Remundo wrote:For a thermal strainer built in 1960, it's safe to say that the insulation I installed works well.
Yes that looks good! You don't have the figures before the works I presume?
Remundo wrote:For a thermal strainer built in 1960, it's safe to say that the insulation I installed works well.
Source ? because I have the one that proves that 20 mm or 300 mm of air space is the same https://energieplus-lesite.be/donnees/e ... hes-d-air/Christophe wrote:Lost penis... 40 mm of glass wool is at best an R of 1 to 0.04 of lambda!
izentrop wrote:Source ? because I have the one that proves that 20 mm or 300 mm of air space is the same https://energieplus-lesite.be/donnees/e ... hes-d-air/Christophe wrote:Lost penis... 40 mm of glass wool is at best an R of 1 to 0.04 of lambda!
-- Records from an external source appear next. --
text \<open>Since \<sigma> \<mapsto> Psig m \<sigma> reverses products, the isomorphism is \<sigma> \<mapsto> Psig m (inv' \<sigma>).\<close>

lemma Aut_group_iso_sym_group: "Aut_group m (Tm m) \<cong> sym_group m"
proof -
  define \<phi> where "\<phi> = Psig m \<circ> inv'"
  have "\<phi> \<in> hom (sym_group m) (Aut_group m (Tm m))"
  proof (rule homI)
    fix \<sigma> \<tau> assume "\<sigma> \<in> carrier (sym_group m)" "\<tau> \<in> carrier (sym_group m)"
    then have \<sigma>: "\<sigma> permutes {1..m}" and \<tau>: "\<tau> permutes {1..m}"
      by (simp_all add: sym_group_carrier)
    show "\<phi> \<sigma> \<in> carrier (Aut_group m (Tm m))"
      using permutes_inv[OF \<sigma>] by (simp add: \<phi>_def Aut_group_def Aut_Tm_eq_Psig_image)
    have "inv' (\<sigma> \<circ> \<tau>) = inv' \<tau> \<circ> inv' \<sigma>"
      using o_inv_distrib[OF permutes_bij[OF \<sigma>] permutes_bij[OF \<tau>]] .
    then show "\<phi> (\<sigma> \<otimes>\<^bsub>sym_group m\<^esub> \<tau>) = \<phi> \<sigma> \<otimes>\<^bsub>Aut_group m (Tm m)\<^esub> \<phi> \<tau>"
      using mmul_Psig[OF permutes_inv[OF \<sigma>]] by (simp add: \<phi>_def Aut_group_def sym_group_mult)
  qed
  moreover have "bij_betw \<phi> (carrier (sym_group m)) (carrier (Aut_group m (Tm m)))"
    unfolding \<phi>_def
  proof (rule bij_betw_trans)
    show "bij_betw inv' (carrier (sym_group m)) {\<sigma>. \<sigma> permutes {1..m}}"
      by (rule bij_betw_byWitness[where f' = inv'])
        (auto simp: sym_group_carrier permutes_inv permutes_inv_inv)
    show "bij_betw (Psig m) {\<sigma>. \<sigma> permutes {1..m}} (carrier (Aut_group m (Tm m)))"
      using inj_on_Psig by (simp add: bij_betw_def Aut_group_def Aut_Tm_eq_Psig_image)
  qed
  ultimately have "sym_group m \<cong> Aut_group m (Tm m)"
    by (intro is_isoI isoI)
  then show ?thesis
    by (rule group.iso_sym[OF sym_group_is_group])
qed

theorem mainTheorem12:
  fixes m :: nat
  shows "Aut m (Tm m) = {Psig m \<sigma> | \<sigma>. \<sigma> permutes {1..m}}
         \<and> Aut_group m (Tm m) \<cong> sym_group m
         \<and> card (Aut m (Tm m)) = fact m"
proof (intro conjI)
  show "Aut m (Tm m) = {Psig m \<sigma> | \<sigma>. \<sigma> permutes {1..m}}"
    using Aut_Tm_eq_Psig_image by blast
  show iso: "Aut_group m (Tm m) \<cong> sym_group m"
    by (rule Aut_group_iso_sym_group)
  show "card (Aut m (Tm m)) = fact m"
    using iso_same_card[OF iso] by (simp add: Aut_group_def sym_group_card_carrier)
qed

end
Remundo wrote:I didn't archive them unfortunately. When I go to EDF-ENEDIS, 2019 is no longer available.
It would be great if it worked like thatRemundo wrote:clean air anyway has a lower lambda than wool (0,02 W/m/K against 0,03 and more).
for example E=40 mm of air at lambda=0,025 W/m/K and S = 1 m² give:
Rth = E / lambda / S = 0.04 m/0.025 W/m/K /1 m² = 1,6 m². K/W
izentrop wrote:100 mm thick semi-rigid ISOVER glass wool, covered with a 100 x 100 mm squared kraft surfacing on one side. Lambda = 0,032W/(mK). R = 3,15 m².K/W.
For 2 air gaps of 40 + 10 of thin insulation = 90 mm, we will say 2.5 in wall glass wool.